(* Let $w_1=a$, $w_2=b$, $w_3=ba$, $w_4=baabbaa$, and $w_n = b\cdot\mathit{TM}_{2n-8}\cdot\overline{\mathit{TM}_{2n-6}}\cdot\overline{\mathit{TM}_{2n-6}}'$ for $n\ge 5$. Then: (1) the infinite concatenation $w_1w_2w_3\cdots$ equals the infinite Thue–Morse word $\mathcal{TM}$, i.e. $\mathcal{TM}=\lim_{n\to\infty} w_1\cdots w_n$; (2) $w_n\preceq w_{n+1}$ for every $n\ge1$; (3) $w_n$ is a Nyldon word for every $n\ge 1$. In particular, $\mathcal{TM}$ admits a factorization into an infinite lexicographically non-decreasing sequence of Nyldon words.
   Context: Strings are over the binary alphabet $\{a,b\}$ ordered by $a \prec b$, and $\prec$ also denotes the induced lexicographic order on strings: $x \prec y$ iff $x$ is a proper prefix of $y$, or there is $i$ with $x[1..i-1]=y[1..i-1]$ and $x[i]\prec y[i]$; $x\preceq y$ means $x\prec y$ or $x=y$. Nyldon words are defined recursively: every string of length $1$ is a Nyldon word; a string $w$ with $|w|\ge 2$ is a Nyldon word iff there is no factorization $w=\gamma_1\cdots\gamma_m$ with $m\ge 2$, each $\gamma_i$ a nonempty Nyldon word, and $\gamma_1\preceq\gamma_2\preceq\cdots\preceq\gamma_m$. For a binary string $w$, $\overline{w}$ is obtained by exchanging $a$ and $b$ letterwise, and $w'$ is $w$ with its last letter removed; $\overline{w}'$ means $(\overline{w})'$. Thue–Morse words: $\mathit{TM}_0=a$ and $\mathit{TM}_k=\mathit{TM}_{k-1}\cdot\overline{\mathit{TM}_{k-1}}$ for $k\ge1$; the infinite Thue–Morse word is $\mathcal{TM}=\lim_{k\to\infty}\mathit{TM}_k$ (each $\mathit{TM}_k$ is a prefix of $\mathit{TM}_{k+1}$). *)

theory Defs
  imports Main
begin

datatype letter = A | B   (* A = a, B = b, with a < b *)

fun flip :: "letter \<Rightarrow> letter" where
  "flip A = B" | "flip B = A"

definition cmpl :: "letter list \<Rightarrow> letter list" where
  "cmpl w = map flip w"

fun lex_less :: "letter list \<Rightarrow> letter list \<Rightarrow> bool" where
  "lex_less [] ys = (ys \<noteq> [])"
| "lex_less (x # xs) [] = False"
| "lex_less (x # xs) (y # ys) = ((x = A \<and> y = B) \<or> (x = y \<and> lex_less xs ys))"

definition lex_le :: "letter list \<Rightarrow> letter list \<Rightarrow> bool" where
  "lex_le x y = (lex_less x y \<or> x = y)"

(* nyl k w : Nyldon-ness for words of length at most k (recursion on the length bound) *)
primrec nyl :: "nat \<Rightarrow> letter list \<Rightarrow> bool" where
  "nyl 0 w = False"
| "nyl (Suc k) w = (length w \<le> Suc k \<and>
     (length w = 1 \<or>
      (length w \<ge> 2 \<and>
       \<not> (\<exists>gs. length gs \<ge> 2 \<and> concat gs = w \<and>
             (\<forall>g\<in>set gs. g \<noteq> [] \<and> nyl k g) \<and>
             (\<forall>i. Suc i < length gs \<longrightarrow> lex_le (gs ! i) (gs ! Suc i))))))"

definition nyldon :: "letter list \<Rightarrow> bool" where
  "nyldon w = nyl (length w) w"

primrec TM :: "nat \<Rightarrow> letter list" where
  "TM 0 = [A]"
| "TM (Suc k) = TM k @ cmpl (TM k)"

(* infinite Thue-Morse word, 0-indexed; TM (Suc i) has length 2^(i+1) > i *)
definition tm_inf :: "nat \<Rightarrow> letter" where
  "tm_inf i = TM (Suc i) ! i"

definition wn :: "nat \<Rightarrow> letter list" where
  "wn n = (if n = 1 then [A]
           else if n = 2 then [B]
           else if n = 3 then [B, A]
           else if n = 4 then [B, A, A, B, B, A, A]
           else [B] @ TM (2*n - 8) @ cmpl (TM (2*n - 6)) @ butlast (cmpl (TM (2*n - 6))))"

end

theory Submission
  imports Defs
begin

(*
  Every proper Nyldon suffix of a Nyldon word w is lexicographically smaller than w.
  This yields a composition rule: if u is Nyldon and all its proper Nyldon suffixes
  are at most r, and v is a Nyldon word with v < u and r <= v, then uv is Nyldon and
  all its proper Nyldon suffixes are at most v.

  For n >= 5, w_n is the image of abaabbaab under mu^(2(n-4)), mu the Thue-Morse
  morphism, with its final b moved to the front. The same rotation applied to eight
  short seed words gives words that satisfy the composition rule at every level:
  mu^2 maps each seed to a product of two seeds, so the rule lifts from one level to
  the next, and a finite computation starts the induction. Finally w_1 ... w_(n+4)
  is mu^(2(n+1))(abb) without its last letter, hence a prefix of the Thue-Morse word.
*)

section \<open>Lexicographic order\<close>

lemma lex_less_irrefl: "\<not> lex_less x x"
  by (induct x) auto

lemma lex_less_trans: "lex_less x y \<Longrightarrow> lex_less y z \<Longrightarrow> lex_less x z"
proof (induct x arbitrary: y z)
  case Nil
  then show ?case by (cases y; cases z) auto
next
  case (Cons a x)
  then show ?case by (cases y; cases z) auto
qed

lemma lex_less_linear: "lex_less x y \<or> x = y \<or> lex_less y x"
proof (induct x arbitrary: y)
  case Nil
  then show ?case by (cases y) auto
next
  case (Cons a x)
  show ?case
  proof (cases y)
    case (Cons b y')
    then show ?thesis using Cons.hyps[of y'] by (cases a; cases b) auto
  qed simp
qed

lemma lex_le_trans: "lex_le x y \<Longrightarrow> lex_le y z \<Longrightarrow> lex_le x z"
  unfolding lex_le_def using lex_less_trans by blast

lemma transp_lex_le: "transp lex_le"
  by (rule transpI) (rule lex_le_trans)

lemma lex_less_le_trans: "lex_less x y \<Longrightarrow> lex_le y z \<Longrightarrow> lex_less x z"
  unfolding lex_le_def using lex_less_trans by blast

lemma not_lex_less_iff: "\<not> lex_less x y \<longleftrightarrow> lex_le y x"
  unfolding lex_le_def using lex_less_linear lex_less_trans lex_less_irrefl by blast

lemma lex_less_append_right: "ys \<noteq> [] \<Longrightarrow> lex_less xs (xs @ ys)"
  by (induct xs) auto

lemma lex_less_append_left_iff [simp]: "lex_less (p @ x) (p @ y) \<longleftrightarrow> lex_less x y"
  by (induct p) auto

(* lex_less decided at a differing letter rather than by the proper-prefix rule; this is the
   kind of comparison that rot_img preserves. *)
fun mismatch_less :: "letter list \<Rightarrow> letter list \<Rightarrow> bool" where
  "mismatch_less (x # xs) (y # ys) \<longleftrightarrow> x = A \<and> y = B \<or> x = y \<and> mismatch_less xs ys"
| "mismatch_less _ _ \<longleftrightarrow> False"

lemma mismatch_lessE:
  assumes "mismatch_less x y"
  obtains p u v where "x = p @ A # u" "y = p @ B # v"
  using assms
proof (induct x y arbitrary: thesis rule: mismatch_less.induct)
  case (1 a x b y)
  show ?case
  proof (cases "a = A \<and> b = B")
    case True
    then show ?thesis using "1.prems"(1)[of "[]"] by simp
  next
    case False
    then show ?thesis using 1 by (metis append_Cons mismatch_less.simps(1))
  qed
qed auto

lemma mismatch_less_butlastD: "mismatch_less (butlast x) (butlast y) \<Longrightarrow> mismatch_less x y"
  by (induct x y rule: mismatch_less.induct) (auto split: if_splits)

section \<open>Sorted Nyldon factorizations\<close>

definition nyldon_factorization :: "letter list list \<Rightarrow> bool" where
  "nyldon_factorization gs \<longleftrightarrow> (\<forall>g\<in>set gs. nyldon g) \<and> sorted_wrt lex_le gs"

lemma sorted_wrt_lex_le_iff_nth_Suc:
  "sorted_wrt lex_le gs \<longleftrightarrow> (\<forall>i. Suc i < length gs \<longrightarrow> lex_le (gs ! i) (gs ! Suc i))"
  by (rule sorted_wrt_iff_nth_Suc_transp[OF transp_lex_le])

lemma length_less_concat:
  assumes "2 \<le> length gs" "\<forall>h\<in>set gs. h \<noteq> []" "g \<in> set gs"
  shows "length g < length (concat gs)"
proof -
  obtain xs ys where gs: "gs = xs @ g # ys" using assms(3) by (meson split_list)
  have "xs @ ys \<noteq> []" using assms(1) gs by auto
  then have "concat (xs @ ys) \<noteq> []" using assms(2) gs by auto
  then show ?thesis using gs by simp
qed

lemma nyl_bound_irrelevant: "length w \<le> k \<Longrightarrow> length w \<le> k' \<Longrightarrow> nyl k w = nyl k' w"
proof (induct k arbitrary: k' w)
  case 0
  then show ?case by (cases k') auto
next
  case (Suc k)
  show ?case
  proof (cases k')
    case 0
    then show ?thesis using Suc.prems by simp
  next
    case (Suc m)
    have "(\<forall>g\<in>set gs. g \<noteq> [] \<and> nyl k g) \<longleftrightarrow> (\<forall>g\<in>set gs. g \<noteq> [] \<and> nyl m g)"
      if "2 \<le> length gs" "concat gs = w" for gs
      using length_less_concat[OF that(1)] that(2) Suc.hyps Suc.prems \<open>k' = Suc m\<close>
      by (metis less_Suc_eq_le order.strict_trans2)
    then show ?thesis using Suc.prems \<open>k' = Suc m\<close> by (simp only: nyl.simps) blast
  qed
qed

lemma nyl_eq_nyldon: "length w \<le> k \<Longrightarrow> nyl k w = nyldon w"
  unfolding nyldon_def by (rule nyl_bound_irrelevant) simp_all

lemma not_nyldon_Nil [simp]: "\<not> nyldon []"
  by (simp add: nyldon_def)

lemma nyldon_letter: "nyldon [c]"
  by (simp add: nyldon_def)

_To do:_
Return every line of the entries above that the string "butlast" appears in.

_Output for this task:_
           else [B] @ TM (2*n - 8) @ cmpl (TM (2*n - 6)) @ butlast (cmpl (TM (2*n - 6))))"
lemma mismatch_less_butlastD: "mismatch_less (butlast x) (butlast y) \<Longrightarrow> mismatch_less x y"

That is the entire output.